Мирон Юга не двинулся с места, пока двор не опустел, и лишь потом брезгливо приказал:
— Запри ворота, Бумбу!
На следующий день, в воскресенье, когда народ выходил из церкви, разнеслась весть, что совсем недавно по селу проскакали два всадника на белых конях с королевским указом. В ожидании новостей люди толпились перед корчмой, на площадке, где всегда плясали хору. Многие придумывали самые невероятные подробности. Игнат Черчел, как бездомный пес, переходил от одной группы к другой, задавая всюду один и тот же вопрос:
— А может, это указ о земле, люди добрые?
Староста, Ион Правилэ, послушал, послушал и насмешливо крикнул:
— Небось эти конники вам во сне померещились!
Никто не засмеялся, а какой-то старик укоризненно заметил:
— Зря насмехаешься, господин староста, над этим не след насмешки строить! Не может быть такого, чтоб беззаконие всегда одолевало, должен пробить и час справедливости.
— Так ведь справедливость, дед, верхом не прискачет! — уже другим голосом пояснил Правилэ.
— Придет как сможет, и слава богу, что идет! — пробормотал старик.

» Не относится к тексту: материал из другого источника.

lemma euclid_proj_polyhedron:
  fixes A B :: "real mat"
  assumes A: "A \<in> carrier_mat m N" and B: "B \<in> carrier_mat r N" and x: "x \<in> carrier_vec N"
    and ne: "polyhedron A b B d \<noteq> {}"
    and bounded: "\<And>y k. y \<in> polyhedron A b B d \<Longrightarrow> k < N \<Longrightarrow> \<bar>y $ k\<bar> \<le> c"
  shows "euclid_proj (polyhedron A b B d) x \<in> polyhedron A b B d"
    and "\<forall>z\<in>polyhedron A b B d. (x - euclid_proj (polyhedron A b B d) x) \<bullet> (x - euclid_proj (polyhedron A b B d) x)
           \<le> (x - z) \<bullet> (x - z)"
proof -
  let ?P = "polyhedron A b B d"
  have "?P \<subseteq> carrier_vec N" using A by (auto simp: polyhedron_def)
  then have "\<exists>!y. y \<in> ?P \<and> (\<forall>z\<in>?P. (x - y) \<bullet> (x - y) \<le> (x - z) \<bullet> (x - z))"
    using polyhedron_nearest_point_exists[OF A B x ne bounded]
      nearest_point_unique[of ?P N, OF _ polyhedron_midpoint[OF A B] x] by blast
  then have "euclid_proj ?P x \<in> ?P \<and>
      (\<forall>z\<in>?P. (x - euclid_proj ?P x) \<bullet> (x - euclid_proj ?P x) \<le> (x - z) \<bullet> (x - z))"
    unfolding euclid_proj_def by (rule theI')
  then show "euclid_proj ?P x \<in> ?P"
    and "\<forall>z\<in>?P. (x - euclid_proj ?P x) \<bullet> (x - euclid_proj ?P x) \<le> (x - z) \<bullet> (x - z)"
    by blast+
qed

section \<open>The Birkhoff polytope\<close>

lemma ones_append: "ones (2 * n) = ones n @\<^sub>v ones n"
  unfolding ones_def by (intro eq_vecI) auto

lemma Bop_eq_ones_iff:
  assumes "X \<in> carrier_mat n n"
  shows "Bop n X = ones (2 * n) \<longleftrightarrow> X *\<^sub>v ones n = ones n \<and> X\<^sup>T *\<^sub>v ones n = ones n"
  unfolding Bop_def ones_append using assms by (simp add: append_vec_eq[of _ n] ones_def)

lemma mem_birkhoff_polyhedron_iff:
  "y \<in> polyhedron (1\<^sub>m (n * n)) (0\<^sub>v (n * n)) (Bmat n) (ones (2 * n)) \<longleftrightarrow>
    y \<in> carrier_vec (n * n) \<and> mat_of_vec n y \<in> birkhoff n"
proof (cases "y \<in> carrier_vec (n * n)")
  case True
  have "Bmat n *\<^sub>v y = Bop n (mat_of_vec n y)"
    using Bop_eq_Bmat_mult_vec[OF mat_of_vec_carrier] True by simp
  moreover have "(\<forall>k<n * n. 0 \<le> y $ k) \<longleftrightarrow> (\<forall>i<n. \<forall>j<n. 0 \<le> mat_of_vec n y $$ (i, j))"
    by (metis div_mod_less div_mult_mod_eq mat_of_vec_index row_major_index_less)
  ultimately show ?thesis using True Bop_eq_ones_iff[OF mat_of_vec_carrier]
    by (auto simp: polyhedron_def birkhoff_def scalar_prod_left_unit)
qed (simp add: polyhedron_def)

lemma birkhoff_index_le_1:
  assumes M: "M \<in> birkhoff n" and i: "i < n" and j: "j < n"
  shows "M $$ (i, j) \<le> 1"
proof -
  have Mc: "M \<in> carrier_mat n n" using M by (simp add: birkhoff_def)
  have "(M *\<^sub>v ones n) $ i = 1" using M i by (simp add: birkhoff_def ones_def)
  moreover have "(M *\<^sub>v ones n) $ i = (\<Sum>j'<n. M $$ (i, j'))"
    using Mc i by (simp add: ones_def scalar_prod_def atLeast0LessThan)
  ultimately have "(\<Sum>j'<n. M $$ (i, j')) = 1" by simp
  moreover have "M $$ (i, j) \<le> (\<Sum>j'<n. M $$ (i, j'))"
    using M i j by (intro member_le_sum) (auto simp: birkhoff_def)
  ultimately show ?thesis by simp
qed

lemma uniform_mat_mem_birkhoff: "mat n n (\<lambda>_. 1 / real n) \<in> birkhoff n"
  unfolding birkhoff_def by (auto simp: ones_def scalar_prod_def intro!: eq_vecI)

lemma euclid_proj_birkhoff_polyhedron:
  assumes x: "x \<in> carrier_vec (n * n)"
  defines "P \<equiv> polyhedron (1\<^sub>m (n * n)) (0\<^sub>v (n * n)) (Bmat n) (ones (2 * n))"
  shows "euclid_proj P x \<in> P" and "\<forall>z\<in>P. (x - euclid_proj P x) \<bullet> (x - euclid_proj P x) \<le> (x - z) \<bullet> (x - z)"
proof -
  have "vec_of_mat n (mat n n (\<lambda>_. 1 / real n)) \<in> P"
    using mem_birkhoff_polyhedron_iff uniform_mat_mem_birkhoff by (simp add: P_def)
  then have ne: "P \<noteq> {}" by blast
  have bounded: "\<bar>y $ k\<bar> \<le> 1" if y: "y \<in> P" and k: "k < n * n" for y k
  proof -
    have "y $ k = mat_of_vec n y $$ (k div n, k mod n)" using div_mod_less[OF k] by simp
    also have "\<dots> \<le> 1"
      using y[unfolded P_def] mem_birkhoff_polyhedron_iff div_mod_less[OF k]
      by (blast intro: birkhoff_index_le_1)
    finally show ?thesis using y k by (auto simp: P_def polyhedron_def scalar_prod_left_unit)
  qed
  show "euclid_proj P x \<in> P" and "\<forall>z\<in>P. (x - euclid_proj P x) \<bullet> (x - euclid_proj P x) \<le> (x - z) \<bullet> (x - z)"
    using euclid_proj_polyhedron[OF one_carrier_mat Bmat_carrier x ne[unfolded P_def] bounded[unfolded P_def]]
    by (simp_all add: P_def)
qed

lemma vec_of_mat_proj_birkhoff:
  assumes G: "G \<in> carrier_mat n n"
  shows "vec_of_mat n (proj_birkhoff n G)
    = euclid_proj (polyhedron (1\<^sub>m (n * n)) (0\<^sub>v (n * n)) (Bmat n) (ones (2 * n))) (vec_of_mat n G)"
proof -
  let ?P = "polyhedron (1\<^sub>m (n * n)) (0\<^sub>v (n * n)) (Bmat n) (ones (2 * n))"
  let ?p = "euclid_proj ?P (vec_of_mat n G)"
  have birkhoff_iff: "Z \<in> birkhoff n \<longleftrightarrow> Z \<in> carrier_mat n n \<and> vec_of_mat n Z \<in> ?P" for Z
    using mem_birkhoff_polyhedron_iff[of "vec_of_mat n Z" n] by (auto simp: birkhoff_def)
  note proj = euclid_proj_birkhoff_polyhedron[OF vec_of_mat_carrier[of n G]]
  have pc: "?p \<in> carrier_vec (n * n)" using proj(1) mem_birkhoff_polyhedron_iff by blast
  have dist: "frob_inner (G - Z) (G - Z) = (vec_of_mat n G - vec_of_mat n Z) \<bullet> (vec_of_mat n G - vec_of_mat n Z)"
    if "Z \<in> carrier_mat n n" for Z
    using frob_inner_eq_scalar_prod[OF minus_carrier_mat[OF that], of G "G - Z"] vec_of_mat_minus[OF G that]
    by simp
  have "proj_birkhoff n G = mat_of_vec n ?p"
    unfolding proj_birkhoff_def
  proof (rule the_equality)
    show "mat_of_vec n ?p \<in> birkhoff n \<and> (\<forall>Z\<in>birkhoff n.
        frob_inner (G - mat_of_vec n ?p) (G - mat_of_vec n ?p) \<le> frob_inner (G - Z) (G - Z))"
      using proj pc birkhoff_iff dist by auto
  next
    fix Y assume Y: "Y \<in> birkhoff n \<and> (\<forall>Z\<in>birkhoff n. frob_inner (G - Y) (G - Y) \<le> frob_inner (G - Z) (G - Z))"
    have "vec_of_mat n Y = ?p"
    proof (rule nearest_point_unique[OF _ polyhedron_midpoint[OF one_carrier_mat Bmat_carrier]
          vec_of_mat_carrier _ proj(1) _ proj(2)])
      show "?P \<subseteq> carrier_vec (n * n)" by (auto simp: polyhedron_def)
      show "vec_of_mat n Y \<in> ?P" using Y birkhoff_iff by blast
      show "\<forall>z\<in>?P. (vec_of_mat n G - vec_of_mat n Y) \<bullet> (vec_of_mat n G - vec_of_mat n Y)
          \<le> (vec_of_mat n G - z) \<bullet> (vec_of_mat n G - z)"
        using Y birkhoff_iff dist mem_birkhoff_polyhedron_iff by (metis vec_of_mat_of_vec)
    qed
    moreover have "Y \<in> carrier_mat n n" using Y by (simp add: birkhoff_def)
    ultimately show "Y = mat_of_vec n ?p" by (metis mat_of_vec_of_mat)
  qed
  then show ?thesis using pc by simp
qed

section \<open>The operator P\<close>

lemma Xi_carrier [simp]: "Xi n G H \<in> carrier_mat n n"
  unfolding Xi_def by (rule minus_carrier_mat) simp

lemma Pop_carrier [simp]: "Pop n G H \<in> carrier_mat n n"
  unfolding Pop_def by (rule minus_carrier_mat[OF Xi_carrier])

definition proj_support :: "nat \<Rightarrow> real mat \<Rightarrow> nat set" where
  "proj_support n G = {k. vec_of_mat n (proj_birkhoff n G) $ k \<noteq> 0}"

lemma vec_of_mat_Xi:
  assumes H: "H \<in> carrier_mat n n"
  shows "vec_of_mat n (Xi n G H)
    = mask_mat (n * n) (proj_support n G) *\<^sub>v vec_of_mat n H"
proof (rule eq_vecI)
  fix k assume "k < dim_vec (mask_mat (n * n) (proj_support n G) *\<^sub>v vec_of_mat n H)"
  then have k: "k < n * n" by simp
  then show "vec_of_mat n (Xi n G H) $ k
      = (mask_mat (n * n) (proj_support n G) *\<^sub>v vec_of_mat n H) $ k"
    using H div_mod_less[OF k] by (simp add: mask_mat_mult_vec vec_of_mat_index Xi_def Theta_def proj_support_def)
qed simp

lemma op_mat_eqI:
  assumes M: "M \<in> carrier_mat m m" and L: "\<And>y. y \<in> carrier_vec m \<Longrightarrow> L y = M *\<^sub>v y"
  shows "op_mat m L = M"
  using M L[OF unit_vec_carrier] by (intro eq_matI) (auto simp: op_mat_def)

lemma Bop_Xi_Badj:
  fixes n :: nat and G :: "real mat"
  defines "F \<equiv> Bmat n * mask_mat (n * n) (proj_support n G)"
  assumes y: "y \<in> carrier_vec (2 * n)"
  shows "Bop n (Xi n G (Badj n y)) = (F * F\<^sup>T) *\<^sub>v y"
proof -
  define D where "D = mask_mat (n * n) (proj_support n G)"
  have D: "D \<in> carrier_mat (n * n) (n * n)" by (simp add: D_def)
  have BT: "(Bmat n)\<^sup>T \<in> carrier_mat (n * n) (2 * n)" by simp
  have u: "(Bmat n)\<^sup>T *\<^sub>v y \<in> carrier_vec (n * n)" by (rule mult_mat_vec_carrier[OF BT y])
  have FT: "F\<^sup>T = D * (Bmat n)\<^sup>T"
    using transpose_mult[OF Bmat_carrier D] by (simp add: F_def D_def)
  have "Bop n (Xi n G (Badj n y)) = Bmat n *\<^sub>v vec_of_mat n (Xi n G (Badj n y))"
    by (rule Bop_eq_Bmat_mult_vec[OF Xi_carrier])
  also have "\<dots> = Bmat n *\<^sub>v (D *\<^sub>v (D *\<^sub>v ((Bmat n)\<^sup>T *\<^sub>v y)))"
    using vec_of_mat_Xi[OF mat_of_vec_carrier] Badj_eq[OF y] u mask_mat_mult_vec_idem[OF u]
    by (simp add: D_def)
  also have "\<dots> = (F * F\<^sup>T) *\<^sub>v y"
  proof -
    have F: "F \<in> carrier_mat (2 * n) (n * n)"
      unfolding F_def D_def[symmetric] by (rule mult_carrier_mat[OF Bmat_carrier D])
    have Du: "D *\<^sub>v ((Bmat n)\<^sup>T *\<^sub>v y) \<in> carrier_vec (n * n)" using D u by simp
    have "(F * F\<^sup>T) *\<^sub>v y = F *\<^sub>v (D *\<^sub>v ((Bmat n)\<^sup>T *\<^sub>v y))"
      unfolding FT using assoc_mult_mat_vec[OF F mult_carrier_mat[OF D BT] y] assoc_mult_mat_vec[OF D BT y]
      by simp
    also have "\<dots> = Bmat n *\<^sub>v (D *\<^sub>v (D *\<^sub>v ((Bmat n)\<^sup>T *\<^sub>v y)))"
      unfolding F_def D_def[symmetric] by (rule assoc_mult_mat_vec[OF Bmat_carrier D Du])
    finally show ?thesis ..
  qed
  finally show ?thesis .
qed

lemma vec_of_mat_Pop:
  fixes n :: nat and G H :: "real mat"
  defines "D \<equiv> mask_mat (n * n) (proj_support n G)"
  defines "F \<equiv> Bmat n * mask_mat (n * n) (proj_support n G)"
  assumes H: "H \<in> carrier_mat n n"
  shows "vec_of_mat n (Pop n G H)
    = D *\<^sub>v vec_of_mat n H - D *\<^sub>v ((Bmat n)\<^sup>T *\<^sub>v (pinv (F * F\<^sup>T) *\<^sub>v (F *\<^sub>v vec_of_mat n H)))"
proof -
  have D: "D \<in> carrier_mat (n * n) (n * n)" by (simp add: D_def)
  have F: "F \<in> carrier_mat (2 * n) (n * n)"
    unfolding F_def D_def[symmetric] by (rule mult_carrier_mat[OF Bmat_carrier D])
  have FF: "F * F\<^sup>T \<in> carrier_mat (2 * n) (2 * n)" using F by simp
  define z where "z = pinv (F * F\<^sup>T) *\<^sub>v (F *\<^sub>v vec_of_mat n H)"
  have z: "z \<in> carrier_vec (2 * n)" using pinv_carrier[OF FF] F by (simp add: z_def)
  have u: "(Bmat n)\<^sup>T *\<^sub>v z \<in> carrier_vec (n * n)" by (rule mult_mat_vec_carrier[OF _ z]) simp
  have op: "op_mat (2 * n) (\<lambda>y. Bop n (Xi n G (Badj n y))) = F * F\<^sup>T"
    using FF by (rule op_mat_eqI) (simp add: Bop_Xi_Badj F_def)
  have Bop_Xi: "Bop n (Xi n G H) = F *\<^sub>v vec_of_mat n H"
    using Bop_eq_Bmat_mult_vec[OF Xi_carrier] vec_of_mat_Xi[OF H] assoc_mult_mat_vec[OF Bmat_carrier D]
    by (simp add: F_def D_def)
  have "op_pinv (2 * n) (\<lambda>y. Bop n (Xi n G (Badj n y))) (Bop n (Xi n G H)) = z"
    unfolding op_pinv_def op Bop_Xi z_def ..
  then have "Pop n G H = Xi n G H - Xi n G (Badj n z)" by (simp add: Pop_def)
  also have "Badj n z = mat_of_vec n ((Bmat n)\<^sup>T *\<^sub>v z)" by (rule Badj_eq[OF z])
  finally have "Pop n G H = Xi n G H - Xi n G (mat_of_vec n ((Bmat n)\<^sup>T *\<^sub>v z))" .
  then show ?thesis
    using vec_of_mat_minus[OF Xi_carrier Xi_carrier] vec_of_mat_Xi[OF H] vec_of_mat_Xi[OF mat_of_vec_carrier] u
    by (simp add: D_def z_def)
qed

lemma mat_kernel_active_constraint_birkhoff:
  assumes G: "G \<in> carrier_mat n n"
  shows "mat_kernel (active_constraint_mat (1\<^sub>m (n * n)) (0\<^sub>v (n * n)) (Bmat n) (ones (2 * n)) (vec_of_mat n G))
    = masked_kernel (Bmat n) (proj_support n G)"
proof -
  let ?act = "active_set (1\<^sub>m (n * n)) (0\<^sub>v (n * n)) (Bmat n) (ones (2 * n)) (vec_of_mat n G)"
  let ?ks = "filter (\<lambda>i. i \<in> ?act) [0..<n * n]"
  have "?act = {k. k < n * n \<and> k \<notin> proj_support n G}"
    using vec_of_mat_proj_birkhoff[OF G, symmetric]
    by (auto simp: active_set_def proj_support_def scalar_prod_left_unit)
  then have ks: "set ?ks = {k. k < n * n \<and> k \<notin> proj_support n G}" by auto
  have "active_constraint_mat (1\<^sub>m (n * n)) (0\<^sub>v (n * n)) (Bmat n) (ones (2 * n)) (vec_of_mat n G)
      = mat_of_rows (n * n) (map (unit_vec (n * n)) ?ks @ rows (Bmat n))"
  proof -
    have "map (row (1\<^sub>m (n * n))) ?ks = map (unit_vec (n * n)) ?ks" by (rule map_cong) auto
    then show ?thesis unfolding active_constraint_mat_def index_one_mat(2,3)
      by (rule arg_cong[where f = "\<lambda>rs. mat_of_rows (n * n) (rs @ rows (Bmat n))"])
  qed
  moreover have "set ?ks \<subseteq> {..<n * n}" by auto
  ultimately show ?thesis
    using mat_kernel_unit_rows_append[OF Bmat_carrier] ks mem_masked_kernel_iff[OF Bmat_carrier] by auto
qed

lemma is_orth_proj_Pop:
  assumes "H \<in> carrier_mat n n"
  shows "is_orth_proj (masked_kernel (Bmat n) (proj_support n G)) (vec_of_mat n H) (vec_of_mat n (Pop n G H))"
  unfolding vec_of_mat_Pop[OF assms] by (rule is_orth_proj_masked_kernel[OF Bmat_carrier vec_of_mat_carrier])

lemma is_orth_proj_hs_jacobian_birkhoff:
  assumes "G \<in> carrier_mat n n"
  shows "is_orth_proj (masked_kernel (Bmat n) (proj_support n G)) (vec_of_mat n H)
    (hs_jacobian (1\<^sub>m (n * n)) (0\<^sub>v (n * n)) (Bmat n) (ones (2 * n)) (vec_of_mat n G) *\<^sub>v vec_of_mat n H)"
proof -
  have "vec_of_mat n H \<in> carrier_vec (dim_col (1\<^sub>m (n * n)))" by simp
  from is_orth_proj_hs_jacobian[OF this, of "0\<^sub>v (n * n)" "Bmat n" "ones (2 * n)" "vec_of_mat n G"]
  show ?thesis unfolding mat_kernel_active_constraint_birkhoff[OF assms] .
qed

Леонте Орбишор сообщил, что всадников будто бы видела Ангелина, дочь Нистора Мученику. Так ему сказали, он уж не помнит, кто именно. Лупу Кирицою высказал предположение, что так и должно быть, потому что и он много чего наслушался вчера в Питешти, когда отвозил туда учителя.
Спустя некоторое время Василе Зидару привел с собой Ангелину — пусть, мол, сама расскажет, как и что. Но оробевшая женщина никак не решалась говорить перед всем народом, с жадным нетерпением уставившимся на нее.
— Ох, горюшко, я ведь детей-то дома одних оставила…
Староста попытался было допросить ее со всей строгостью.
Ангелина еще пуще испугалась и принялась оправдываться, говоря, что всадников, верно, видели и другие, потому как они не прятались, да и незачем было им это делать.
— Да расскажи ты, баба, все честь честью, никто тебя не съест, — мягко подбодрил ее Игнат. — Мы тоже хотим знать королевский указ, чтобы, часом, не ошибиться.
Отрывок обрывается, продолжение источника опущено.